Ben: For me, it was the weekly meetings where we spent time going through ideas and strategies as a team. Those meetings often got sidetracked by discussions about the potential of RL and other algorithms for smarter agents and their subsequent impact on society which was always fun.
WQ: Another highlight for us was the thrill of submitting our Python scripts and RL agent model weights to the Jidi computational platform and eagerly awaiting the results of our economic simulation experiments. The anticipation and excitement of seeing our strategies come to life and the immediate feedback on our performance made the competition an exhilarating experience. This process of trial, observation, and adaptation, coupled with the collaborative brainstorming sessions, made the competition not just a challenge but a memorable journey of learning and discovery in the field of RL.

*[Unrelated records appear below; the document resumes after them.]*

lemma NNLS_sol_nonempty:
  fixes A :: "real^'n^'m"
  shows "NNLS_sol A y \<noteq> {}"
proof -
  define K where "K = (\<lambda>z. A *v z) ` {z. \<forall>i. 0 \<le> z $ i}"
  have "K = convex_cone hull ((\<lambda>z. A *v z) ` range (\<lambda>i. axis i 1))"
    unfolding K_def nonneg_orthant_eq_convex_cone_hull
    by (simp add: convex_cone_hull_linear_image[OF matrix_vector_mul_linear])
  then have "closed K"
    by (simp add: closed_convex_cone_hull)
  moreover have "A *v 0 \<in> K" unfolding K_def by (rule imageI) simp
  then have "K \<noteq> {}" by blast
  ultimately obtain p where "p \<in> K" and p: "\<And>q. q \<in> K \<Longrightarrow> dist y p \<le> dist y q"
    using closest_point_exists[of K y] by metis
  then obtain z where z: "\<forall>i. 0 \<le> z $ i" "p = A *v z" by (auto simp: K_def)
  have "(norm (A *v z - y))\<^sup>2 \<le> (norm (A *v w - y))\<^sup>2" if "\<forall>i. 0 \<le> w $ i" for w
  proof -
    have "dist y p \<le> dist y (A *v w)" using that by (intro p) (auto simp: K_def)
    then show ?thesis by (simp add: z dist_norm norm_minus_commute power_mono)
  qed
  then have "z \<in> NNLS_sol A y" using z by (simp add: NNLS_sol_def)
  then show ?thesis by blast
qed

section \<open>The balanced flow\<close>

text \<open>The common value \<open>u\<close> of all factors; \<open>xtilde\<close> is their Hadamard product \<open>u\<^sup>L\<close>.\<close>

locale balanced_flow =
  fixes L :: nat and A :: "real^'n^'m" and y :: "real^'m" and u :: "real \<Rightarrow> real^'n"
  assumes L_ge_2: "L \<ge> 2"
    and u_pos: "\<And>t i. 0 \<le> t \<Longrightarrow> 0 < u t $ i"
    and u_flow: "\<And>t i. 0 \<le> t \<Longrightarrow> ((\<lambda>t. u t $ i) has_real_derivative
          - (u t $ i ^ (L - 1) * (transpose A *v (A *v (\<chi> j. u t $ j ^ L) - y)) $ i)) (at t within {0..})"
begin
(* Let $1\le k\le n$ and $(\pi,S)\in\mathcal{B}^{>}_{n-1,k-1}$. Then (a) $\mathrm{fmaj}(\phi^{*}_{n,k}(i,(\pi,S)))=\mathrm{fmaj}((\pi,S))+2i-1$ for every $i\in\{1,\dots,n-k\}$; (b) $\mathrm{fmaj}(\phi^{*}_{\overline{n},k}(i,(\pi,S)))=\mathrm{fmaj}((\pi,S))+2i-2$ for every $i\in\{1,\dots,n-k\}$; (c) $\mathrm{fmaj}(\phi^{*}_{\overline{n},k}(0,(\pi,S)))=\mathrm{fmaj}((\pi,S))+2n-2k$.
   Context: $\mathcal{B}_m$ is the group of signed permutations of $[m]$ (bijections $\pi$ of $\{\pm1,\dots,\pm m\}$ with $\pi(-i)=-\pi(i)$, written $\pi=\pi_1\cdots\pi_m$), integers ordered naturally, $\overline{x}=-x$. Set $\pi_0=0$; $\mathrm{Des}_B(\pi)=\{i\in\{0,\dots,m-1\}:\pi_i>\pi_{i+1}\}$, $\mathrm{neg}(\pi)=|\{i:\pi_i<0\}|$, $\mathrm{fmaj}(\pi)=\sum_{i\in\mathrm{Des}_B(\pi)}2i+\mathrm{neg}(\pi)$. Let $\mathcal{B}^{>}_{m,k}=\{(\pi,S):\pi\in\mathcal{B}_m,\ S\subseteq\mathrm{Des}_B(\pi),\ |S|=k\}$ and for $(\pi,S)\in\mathcal{B}^{>}_{m,k}$, $\mathrm{fmaj}((\pi,S))=\mathrm{fmaj}(\pi)-\sum_{j\in S}\bigl(2|\mathrm{Des}_B(\pi)\cap\{j,\dots,m-1\}|-1\bigr)$. Positions: for $p\in\{0,\dots,m\}$, position $p$ is the space immediately after $\pi_p$. The fmaj-labelling of $(\pi,S)\in\mathcal{B}^{>}_{m,k}$ labels positions not in $S$: position $m$ gets label $0$; positions in $\mathrm{Des}_B(\pi)\setminus S$ get labels $1,2,\dots$ from right to left; remaining positions in $\{0,\dots,m-1\}\setminus\mathrm{Des}_B(\pi)$ get the next consecutive labels from left to right (labels $0,\dots,m-k$). For $\alpha\in\{n,\overline{n}\}$, $(\pi,S)\in\mathcal{B}^{>}_{n-1,k-1}$ and a label $i$, let $p$ be the position with label $i$, $\tau=\pi_1\cdots\pi_p\,\alpha\,\pi_{p+1}\cdots\pi_{n-1}\in\mathcal{B}_n$; starred positions $j\in S$ with $j<p$ stay at $j$, each starred $j\in S$ with $j>p$ is replaced by the largest element of $\mathrm{Des}_B(\tau)$ smaller than $j+1$; finally the largest element of $\mathrm{Des}_B(\tau)$ is added to the set of starred positions, giving $T$. Define $\phi^{*}_{\alpha,k}(i,(\pi,S))=(\tau,T)$; this gives maps $\phi^{*}_{n,k}:\{1,\dots,n-k\}\times\mathcal{B}^{>}_{n-1,k-1}\to\mathcal{B}^{>}_{n,k}$ and $\phi^{*}_{\overline{n},k}:\{0,1,\dots,n-k\}\times\mathcal{B}^{>}_{n-1,k-1}\to\mathcal{B}^{>}_{n,k}$. *)

theory Defs
  imports Main
begin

Q10: What advice do you have for aspiring data scientists or AI practitioners who want to participate in AI competitions and improve their skills?
YL: Compared with other projects, a competition requires more effort studying the environment and our competitors. Self-perfection alone is insufficient. It’s typically a huge undertaking – having a strong team is crucial. Keep your friends close, and enemies closer!
Ben: Be agile, dive into the data and environment, prepare for loads of experimentation, and keep an open mind. We did not set out to win but rather to learn as much as we possibly can.
WQ: I would advocate stepping beyond conventional learning methods and embracing real-world challenges. This means moving beyond standard courses and exercises to experiment with a variety of GitHub repositories and engaging in direct, hands-on problem-solving. While this path may initially lead to frustrations with debugging and executing code, especially in cases where open-source repositories may lack comprehensive documentation, it is crucial for long-term development in AI. Such practical experience exposes you to a range of coding styles and problem-solving techniques. Overcoming these challenges builds not just technical skills but also fosters resilience and adaptability, essential traits in the dynamic field of AI and data science.